__Provided data__:
lemma skew_entries_bound:
  "\<exists>K\<ge>0. \<forall>N C W a S. periodic_cells G N C \<longrightarrow>
     cell_periodic G N W \<longrightarrow> cell_periodic G N a \<longrightarrow> cell_periodic G N S \<longrightarrow> (\<forall>g\<in>G. skew (S g)) \<longrightarrow>
     (\<Sum>c\<in>C. (\<Sum>(b, b')\<in>B \<times> B. \<bar>inner (S c *v b) b'\<bar>)\<^sup>2) \<le> K * (\<Sum>c\<in>C. local_energy R x0 W a S c)"
proof -
  obtain Kd where Kd: "Kd \<ge> 0" "\<And>N C W a S. periodic_cells G N C \<Longrightarrow>
      cell_periodic G N W \<Longrightarrow> cell_periodic G N a \<Longrightarrow> cell_periodic G N S \<Longrightarrow>
      (\<forall>b\<in>B. (\<Sum>c\<in>C. (norm (translation_defect W S b c))\<^sup>2) \<le> Kd * (\<Sum>c\<in>C. local_energy R x0 W a S c))"
    using translation_defects_bound by blast
  define \<beta> where "\<beta> = (\<Sum>b\<in>B. (norm b)\<^sup>2)"
  have \<beta>: "\<And>b. b \<in> B \<Longrightarrow> (norm b)\<^sup>2 \<le> \<beta>" "\<beta> \<ge> 0"
    unfolding \<beta>_def using finite_B by (auto intro: member_le_sum sum_nonneg)
  have "(\<Sum>c\<in>C. (\<Sum>(b, b')\<in>B \<times> B. \<bar>inner (S c *v b) b'\<bar>)\<^sup>2) \<le>
      (8 * \<beta> * real (card B) ^ 4 * Kd) * (\<Sum>c\<in>C. local_energy R x0 W a S c)"
    if cells: "periodic_cells G N C" and W: "cell_periodic G N W" and a: "cell_periodic G N a"
      and S: "cell_periodic G N S" and skew: "\<forall>g\<in>G. skew (S g)"
    for N C W a S
  proof -
    interpret periodic_cells G N C by (rule cells)
    let ?E = "\<Sum>c\<in>C. local_energy R x0 W a S c"
    have "(\<Sum>b\<in>B. \<Sum>c\<in>C. (norm (translation_defect W S b c))\<^sup>2) \<le> (\<Sum>b\<in>B. Kd * ?E)"
      using Kd(2)[OF cells W a S] by (intro sum_mono) blast
    then have "(\<Sum>c\<in>C. (\<Sum>(b, b')\<in>B \<times> B. \<bar>inner (S c *v b) b'\<bar>)\<^sup>2) \<le>
        8 * \<beta> * real (card B) ^ 3 * (real (card B) * Kd * ?E)"
      using sum_skew_entries_squared_le[OF finite_B translation_B \<beta>(1) W S] skew \<beta>(2)
      by (force intro: order_trans mult_left_mono)
    then show ?thesis
      by (simp add: eval_nat_numeral mult_ac)
  qed
  then show ?thesis using \<beta>(2) Kd(1) by (intro exI[of _ "8 * \<beta> * real (card B) ^ 4 * Kd"]) auto
qed
lemma cochain_zero:
  "cochain1 0 = 0" "cochain2 0 = 0" "cochain3 0 = 0" "cochain4 0 = 0"
  by (simp_all add: fun_eq_iff cochain1_def cochain2_def cochain3_def cochain4_def)

lemma cochain_eq_0_iff:
  "cochain1 f = 0 \<longleftrightarrow> f = 0" "cochain2 g = 0 \<longleftrightarrow> g = 0"
  "cochain3 h = 0 \<longleftrightarrow> h = 0" "cochain4 k = 0 \<longleftrightarrow> k = 0"
  using cochain_eq_iff(1)[of f 0] cochain_eq_iff(2)[of g 0] cochain_eq_iff(3)[of h 0]
    cochain_eq_iff(4)[of k 0]
  by (simp_all add: cochain_zero)

lemma cochain_diff:
  fixes g g' :: "'v \<Rightarrow> 'v \<Rightarrow> 'm::ab_group_add" and h h' :: "'v \<Rightarrow> 'v \<Rightarrow> 'v \<Rightarrow> 'm"
  shows "cochain2 g - cochain2 g' = cochain2 (g - g')"
  "cochain3 h - cochain3 h' = cochain3 (h - h')"
  by (simp_all add: fun_eq_iff cochain2_def cochain3_def)

lemma ce_diff_length:
  "length xs \<noteq> Suc p \<Longrightarrow> ce_diff br sM act p \<omega> xs = 0"
  by (simp add: ce_diff_def)

context
  fixes sM :: "'k::field \<Rightarrow> 'm::ab_group_add \<Rightarrow> 'm"
  assumes "vector_space sM"
begin

interpretation vector_space sM by fact

lemma ce_diff_0: "ce_diff br sM act 0 \<omega> = cochain1 (\<lambda>x. act x (\<omega> []))"
  by (rule eq_cochainI) (simp_all add: ce_diff_length ce_diff_def del_nth_def)

lemma ce_diff_1:
  "ce_diff br sM act 1 \<omega> = cochain2 (\<lambda>x y. act x (\<omega> [y]) - act y (\<omega> [x]) - \<omega> [br x y])"
  by (rule eq_cochainI) (simp_all add: ce_diff_length ce_diff_def del_nth_def)

lemma ce_diff_2:
  "ce_diff br sM act 2 \<omega> = cochain3 (\<lambda>x y z.
     act x (\<omega> [y, z]) - act y (\<omega> [x, z]) + act z (\<omega> [x, y])
     - \<omega> [br x y, z] + \<omega> [br x z, y] - \<omega> [br y z, x])"
  by (rule eq_cochainI) (simp_all add: ce_diff_length ce_diff_def del_nth_def eval_nat_numeral)

lemma ce_diff_3:
  "ce_diff br sM act 3 \<omega> = cochain4 (\<lambda>x y z w.
     act x (\<omega> [y, z, w]) - act y (\<omega> [x, z, w]) + act z (\<omega> [x, y, w]) - act w (\<omega> [x, y, z])
     - \<omega> [br x y, z, w] + \<omega> [br x z, y, w] - \<omega> [br y z, x, w]
     - \<omega> [br x w, y, z] + \<omega> [br y w, x, z] - \<omega> [br z w, x, y])"
  by (rule eq_cochainI) (simp_all add: ce_diff_length ce_diff_def del_nth_def eval_nat_numeral)

end

lemma cochains_0_eq: "cochains sV sM A 0 = {cochain0 v |v. v \<in> A}"
  by (auto simp: cochains_def cochain0_def intro!: exI[of _ "_ []"] eq_cochainI)

lemma cochains_1_eq:
  "cochains sV sM A 1 = {cochain1 f |f. (\<forall>a. f a \<in> A) \<and> Vector_Spaces.linear sV sM f}"
proof (intro set_eqI iffI)
  fix \<omega> assume "\<omega> \<in> cochains sV sM A 1"
  then have "\<omega> = cochain1 (\<lambda>a. \<omega> [a])" and "\<forall>a. \<omega> [a] \<in> A"
    and "Vector_Spaces.linear sV sM (\<lambda>a. \<omega> [a])"
    by (auto simp: cochains_def intro: eq_cochainI dest: spec[of _ "[_]"])
  then show "\<omega> \<in> {cochain1 f |f. (\<forall>a. f a \<in> A) \<and> Vector_Spaces.linear sV sM f}"
    by blast
qed (auto simp: cochains_def cochain1_def length_eq_numeral_iff length_Suc_conv)

lemma cochains_linear_alternating:
  assumes "\<omega> \<in> cochains sV sM A p" and "length xs = p"
  shows "i < p \<Longrightarrow> Vector_Spaces.linear sV sM (\<lambda>y. \<omega> (xs[i := y]))"
    and "i < j \<Longrightarrow> j < p \<Longrightarrow> xs ! i = xs ! j \<Longrightarrow> \<omega> xs = 0"
  using assms unfolding cochains_def by blast+

lemma cochains_2_eq:
  "cochains sV sM A 2 = {cochain2 f |f. (\<forall>a b. f a b \<in> A)
     \<and> (\<forall>b. Vector_Spaces.linear sV sM (\<lambda>a. f a b)) \<and> (\<forall>a. Vector_Spaces.linear sV sM (f a))
     \<and> (\<forall>a. f a a = 0)}"
proof (intro set_eqI iffI)
  fix \<omega> assume \<omega>: "\<omega> \<in> cochains sV sM A 2"
  note la = cochains_linear_alternating[OF \<omega>]
  have "\<omega> = cochain2 (\<lambda>a b. \<omega> [a, b])"
    using \<omega> by (auto simp: cochains_def intro: eq_cochainI)
  moreover have "Vector_Spaces.linear sV sM (\<lambda>a. \<omega> [a, b])"
    and "Vector_Spaces.linear sV sM (\<lambda>b. \<omega> [a, b])" and "\<omega> [a, a] = 0" for a b
    using la(1)[of "[b, b]" 0] la(1)[of "[a, a]" 1] la(2)[of "[a, a]" 0 1] by simp_all
  ultimately show "\<omega> \<in> {cochain2 f |f. (\<forall>a b. f a b \<in> A)
     \<and> (\<forall>b. Vector_Spaces.linear sV sM (\<lambda>a. f a b)) \<and> (\<forall>a. Vector_Spaces.linear sV sM (f a))
     \<and> (\<forall>a. f a a = 0)}"
    using \<omega> by (auto simp: cochains_def)
qed (auto simp: cochains_def cochain2_def length_eq_numeral_iff less_numeral_nat_iff)
lemma arcsin_kernel_integral_div_power_4:
  assumes "r \<ge> 1"
  shows "arcsin_kernel_integral r / 4 ^ (r + 1)
    = 1 / sqrt 2 * (\<Sum>k = 0..r - 1. (-1) ^ k / ((2 * real k + 1) * 2 ^ (2 * r - k + 1))
                                        * real ((r - 1) choose k) * calB k)
      - phi (2 * r + 1) / 2 ^ (2 * r + 2)"
proof -
  have four: "(4::real) ^ (r + 1) = 2 ^ (2 * r + 2)"
    by (simp add: power_mult flip: power_mult_distrib)
  have "(-1) ^ k * real ((r - 1) choose k) * 2 ^ (k + 1) / (2 * real k + 1) * calB k / 2 ^ (2 * r + 2)
      = (-1) ^ k / ((2 * real k + 1) * 2 ^ (2 * r - k + 1)) * real ((r - 1) choose k) * calB k"
    if "k \<in> {0..r-1}" for k
  proof -
    have cancel: "c * t / d * B / (t * X) = c / (d * X) * B" if "t \<noteq> 0" for c t d B X :: real
      using that by simp
    have "(2::real) ^ (2 * r + 2) = 2 ^ (k + 1) * 2 ^ (2 * r - k + 1)"
      using that by (simp flip: power_add)
    then show ?thesis
      using cancel[of "2 ^ (k + 1)"] by (simp add: ac_simps)
  qed
  then have sum_rescaled: "(\<Sum>k=0..r-1. (-1) ^ k * real ((r - 1) choose k) * 2 ^ (k + 1) / (2 * real k + 1) * calB k)
        / 2 ^ (2 * r + 2)
      = (\<Sum>k = 0..r - 1. (-1) ^ k / ((2 * real k + 1) * 2 ^ (2 * r - k + 1)) * real ((r - 1) choose k) * calB k)"
    unfolding sum_divide_distrib by (rule sum.cong[OF refl])
  have rescale: "(S / c - p) / X = 1 / c * (S / X) - p / X" for S c p X :: real
    by (simp add: diff_divide_distrib)
  show ?thesis
    unfolding arcsin_kernel_integral_def four rescale sum_rescaled ..
qed

theorem theorem3p0p6:
  fixes r :: nat
  assumes "r \<ge> 1"
  shows "(\<lambda>n. real (n + 1) * 4 ^ (n + 1)
              / ((4 * real (n + 1) ^ 2 - 1) * (4 * real (n + 1) + 2 * real r + 1))
              * (real ((2 * (n + 1)) choose (n + 1))
                 / real ((4 * (n + 1) + 2 * r) choose (2 * (n + 1) + r))))
         sums
         (1 / sqrt 2 * (\<Sum>k = 0..r - 1. (-1) ^ k / ((2 * real k + 1) * 2 ^ (2 * r - k + 1))
                                        * real ((r - 1) choose k) * calB k)
          - phi (2 * r + 1) / 2 ^ (2 * r + 2))"
proof -
  define w where "w n = arcsin_kernel_coeff n / ((2 * real (2 * n + r) + 1) * central_binom_ratio (2 * n + r))"
    for n
  have "w sums arcsin_kernel_integral r"
    unfolding w_def using assms by (rule arcsin_kernel_coeff_sums)
  moreover have "w 0 = 0"
    by (simp add: w_def arcsin_kernel_coeff_def)
  ultimately have "(\<lambda>n. w (n + 1)) sums arcsin_kernel_integral r"
    using sums_Suc_iff[of w] by simp
  from sums_divide[OF this, of "4 ^ (r + 1)"] show ?thesis
    unfolding w_def summand_eq_arcsin_kernel_term[symmetric] arcsin_kernel_integral_div_power_4[OF assms] .
qed

end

__Exercise__: Every line above from the line with "interpret periodic_cells G" to the line with "using Kd(2)[OF cells" is wanted, ends included; write them out exactly and add no other line.

__Your response__:
    interpret periodic_cells G N C by (rule cells)
    let ?E = "\<Sum>c\<in>C. local_energy R x0 W a S c"
    have "(\<Sum>b\<in>B. \<Sum>c\<in>C. (norm (translation_defect W S b c))\<^sup>2) \<le> (\<Sum>b\<in>B. Kd * ?E)"
      using Kd(2)[OF cells W a S] by (intro sum_mono) blast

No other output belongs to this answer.